History recently lost out in favor of industry in Australia, when a 46,000-year-old aboriginal cave was blown up by a mining company.
The Juukan Gorge 1 and 2 rock shelter caves were destroyed the metal-mining company Rio Tinto last month. The caves, located in Western Australia, in the Pilbara region, are one of the country’s oldest aboriginal heritage sites, with signs of continuous signs human occupation that predate the last Ice Age, according to a report in the Independent.
Despite the fact that the incident is now being called an ‘incomprehensible mistake,’ it appears that the company knew about the site and its significance at least six years ago.
In 2014, an archaeologist named Michael Slack confirmed that the Juukan 2 cave was unique in the Pilbara area, and rare across Australia as a whole.
The site held evidence of more than 40,000 years of ongoing human habitation, and contained large numbers of artifacts, including objects made of flaked stone, stone tools, bits of human hair, and an unusually large supply of animal remains.
It also contained sedimentary material with enough of a pollen record that scientists could track thousands of years’ worth of environmental changes.
The Australian Broadcasting Company was given a summary of Slack’s report, which was given both to Rio Tinto and to the Pinikura and Puutu Kunti Kurrama (PKKP) indigenous people six years ago, but was never released to the public.
Slack and his team removed more than 7,000 artifacts from the Cave 2 system in 2014, and his report noted that their findings were of the highest archaeological significance for Australia. Interestingly, the mining company did seem to be aware of the cultural significance of the site.

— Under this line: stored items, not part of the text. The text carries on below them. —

lemma card_meeting_le_via_cover:
  fixes P P' :: "'a set set"
  assumes "S \<subseteq> \<Union>P'" "finite {B'\<in>P'. B' \<inter> S \<noteq> {}}"
    and "\<And>B'. B' \<in> P' \<Longrightarrow> B' \<inter> S \<noteq> {} \<Longrightarrow>
           finite {B\<in>P. B \<inter> B' \<noteq> {}} \<and> real (card {B\<in>P. B \<inter> B' \<noteq> {}}) \<le> M"
  shows "real (card {B\<in>P. B \<inter> S \<noteq> {}}) \<le> M * real (card {B'\<in>P'. B' \<inter> S \<noteq> {}})"
proof -
  define Q' where "Q' = {B'\<in>P'. B' \<inter> S \<noteq> {}}"
  have "{B\<in>P. B \<inter> S \<noteq> {}} \<subseteq> (\<Union>B'\<in>Q'. {B\<in>P. B \<inter> B' \<noteq> {}})"
  proof
    fix B assume "B \<in> {B\<in>P. B \<inter> S \<noteq> {}}"
    then obtain x where "B \<in> P" "x \<in> B" "x \<in> S" by blast
    moreover obtain B' where "B' \<in> P'" "x \<in> B'" using assms(1) \<open>x \<in> S\<close> by blast
    ultimately show "B \<in> (\<Union>B'\<in>Q'. {B\<in>P. B \<inter> B' \<noteq> {}})" unfolding Q'_def by blast
  qed
  then have "card {B\<in>P. B \<inter> S \<noteq> {}} \<le> card (\<Union>B'\<in>Q'. {B\<in>P. B \<inter> B' \<noteq> {}})"
    using assms(2,3) unfolding Q'_def by (intro card_mono) auto
  also have "\<dots> \<le> (\<Sum>B'\<in>Q'. card {B\<in>P. B \<inter> B' \<noteq> {}})"
    by (rule card_UN_le) (simp add: Q'_def assms(2))
  finally have "real (card {B\<in>P. B \<inter> S \<noteq> {}}) \<le> (\<Sum>B'\<in>Q'. real (card {B\<in>P. B \<inter> B' \<noteq> {}}))"
    by (simp only: of_nat_sum[symmetric] of_nat_le_iff)
  also have "\<dots> \<le> (\<Sum>B'\<in>Q'. M)" using assms(3) unfolding Q'_def by (intro sum_mono) auto
  finally show ?thesis unfolding Q'_def by (simp add: mult.commute)
qed

lemma count_fn_eq:
  assumes "finite A"
  shows "count_fn u P A E = real (card {B\<in>P. B \<inter> {x\<in>A. 1 / u x \<le> E} \<noteq> {}}) / real (card A)"
proof -
  have "Min ((\<lambda>x. 1 / u x) ` (B \<inter> A)) \<le> E \<longleftrightarrow> (\<exists>x\<in>B \<inter> A. 1 / u x \<le> E)"
    if "B \<inter> A \<noteq> {}" for B
    using that assms by (subst Min_le_iff) auto
  then have "{B\<in>restrict_cover P A. Min ((\<lambda>x. 1 / u x) ` (B \<inter> A)) \<le> E}
           = {B\<in>P. B \<inter> {x\<in>A. 1 / u x \<le> E} \<noteq> {}}"
    unfolding restrict_cover_def by auto
  then show ?thesis unfolding count_fn_def by simp
qed

theorem lemma2p3:
  fixes G :: "'a \<Rightarrow> 'a \<Rightarrow> bool"
    and \<alpha> CL CU R R' C0 b E :: real
    and P P' :: "'a set set"
    and u :: "'a \<Rightarrow> real"
    and A :: "'a set"
  assumes "simple_graph G" and "connected_graph G"
    and "countable (UNIV :: 'a set)" and "infinite (UNIV :: 'a set)"
    and "\<alpha> \<ge> 1" and "CL > 0" and "CU > 0"
    and "volume_control G \<alpha> CL CU"
    and "R \<ge> 1"
    and "is_covering G R P" and "overlap_bounded P b"
    and "is_covering G R' P'" and "C0 > 0" and "R' \<le> C0 * R"
    and "finite A" and "A \<noteq> {}" and "\<forall>x\<in>A. u x > 0"
    and "E > 0"
  shows "count_fn u P A E \<le> (1 + C0) powr \<alpha> * (2 powr \<alpha> * CU / CL) * b * count_fn u P' A E"
proof -
  define S where "S = {x\<in>A. 1 / u x \<le> E}"
  define M where "M = (1 + C0) powr \<alpha> * (2 powr \<alpha> * CU / CL) * b"
  have balls_meeting_P'_ball:
    "finite {B\<in>P. B \<inter> B' \<noteq> {}} \<and> real (card {B\<in>P. B \<inter> B' \<noteq> {}}) \<le> M" if "B' \<in> P'" for B'
  proof -
    obtain z' where "B' = gball G z' R'" using \<open>B' \<in> P'\<close> assms(12) unfolding is_covering_def by blast
    moreover have "\<alpha> \<ge> 0" "CU \<ge> 0" using assms(5,7) by simp_all
    ultimately show ?thesis
      using card_covering_balls_meeting_smaller_gball[OF assms(1,2,8) _ assms(6) _ assms(9-11)
          is_covering_radius_nonneg[OF assms(12)] assms(14), of z']
      unfolding M_def by simp
  qed
  have "real (card {B\<in>P. B \<inter> S \<noteq> {}}) \<le> M * real (card {B'\<in>P'. B' \<inter> S \<noteq> {}})"
  proof (rule card_meeting_le_via_cover[OF _ _ balls_meeting_P'_ball])
    show "S \<subseteq> \<Union>P'" using assms(12) unfolding is_covering_def by simp
    show "finite {B'\<in>P'. B' \<inter> S \<noteq> {}}"
      using finite_covering_balls_meeting_finite[OF assms(1,2,8,12)] assms(15) unfolding S_def by simp
  qed
  then show ?thesis
    unfolding count_fn_eq[OF assms(15)] S_def[symmetric] M_def[symmetric]
    by (simp add: divide_right_mono)
qed

end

The year after Slack’s report, they funded a documentary about the site, called Ngurra Minarti, which translates as ‘Our country.’
The documentary included indigenous people of the area taking about their concerns for protecting the region’s remaining cultural sites, including the caves.
The PKKP had reportedly visited the site earlier this month, in hopes of negotiating the stoppage, or at least limitations, on the mining operations, but had been told that the explosives were already in place and couldn’t be removed.
The mining company had been given approval to mine the area in 2013, before Slack’s team made their discoveries and proved the site was of even greater significance than previously believed.
At the time, the appropriate permissions were obtained from the Minister for Aboriginal Affiars, in accordance with a 1972 law which had been written to favor mining companies.
The text of the law says that any activity that could destroy or damage aboriginal site needs to apply for permission through the Aboriginal Cultural Material Committee, which implies that the concerns of the indigenous people are being considered; however, nothing specifies that indigenous people must be part of the committee. Furthermore, the committee’s decisions are final and without appeal.
Rio Tinto has been receiving both domestic and international backlash over the site’s destruction by outraged members of the public.
But has been defending its actions by saying both that it followed the appropriate steps for obtaining permissions and also that the company has worked well with the PKKP on various matters related to aboriginal heritage matters, sometimes modifying operations to protect cultural sites.
In the face of outcry from multiple fronts, including Unesco, from which a spokesperson compared the caves’ destruction to ISIS’s destruction of Palmyra, Chris Salisbury, the iron ore chief executive for the company, eventually apologized.
He called the act a ‘misunderstanding,’ and said that the company took ‘full accountability.’
He said that the company was sorry for the distress it caused, and paid its respects to the PKKP. The company would be working with the PKKP in the future to learn from what happened, and would urgently be reviewing their plans for other sites in the region.
Learning from one’s mistakes is always a good way to go, but, unfortunately, it will do nothing to mitigate the loss the indigenous people have already sustained in the caves’ destruction.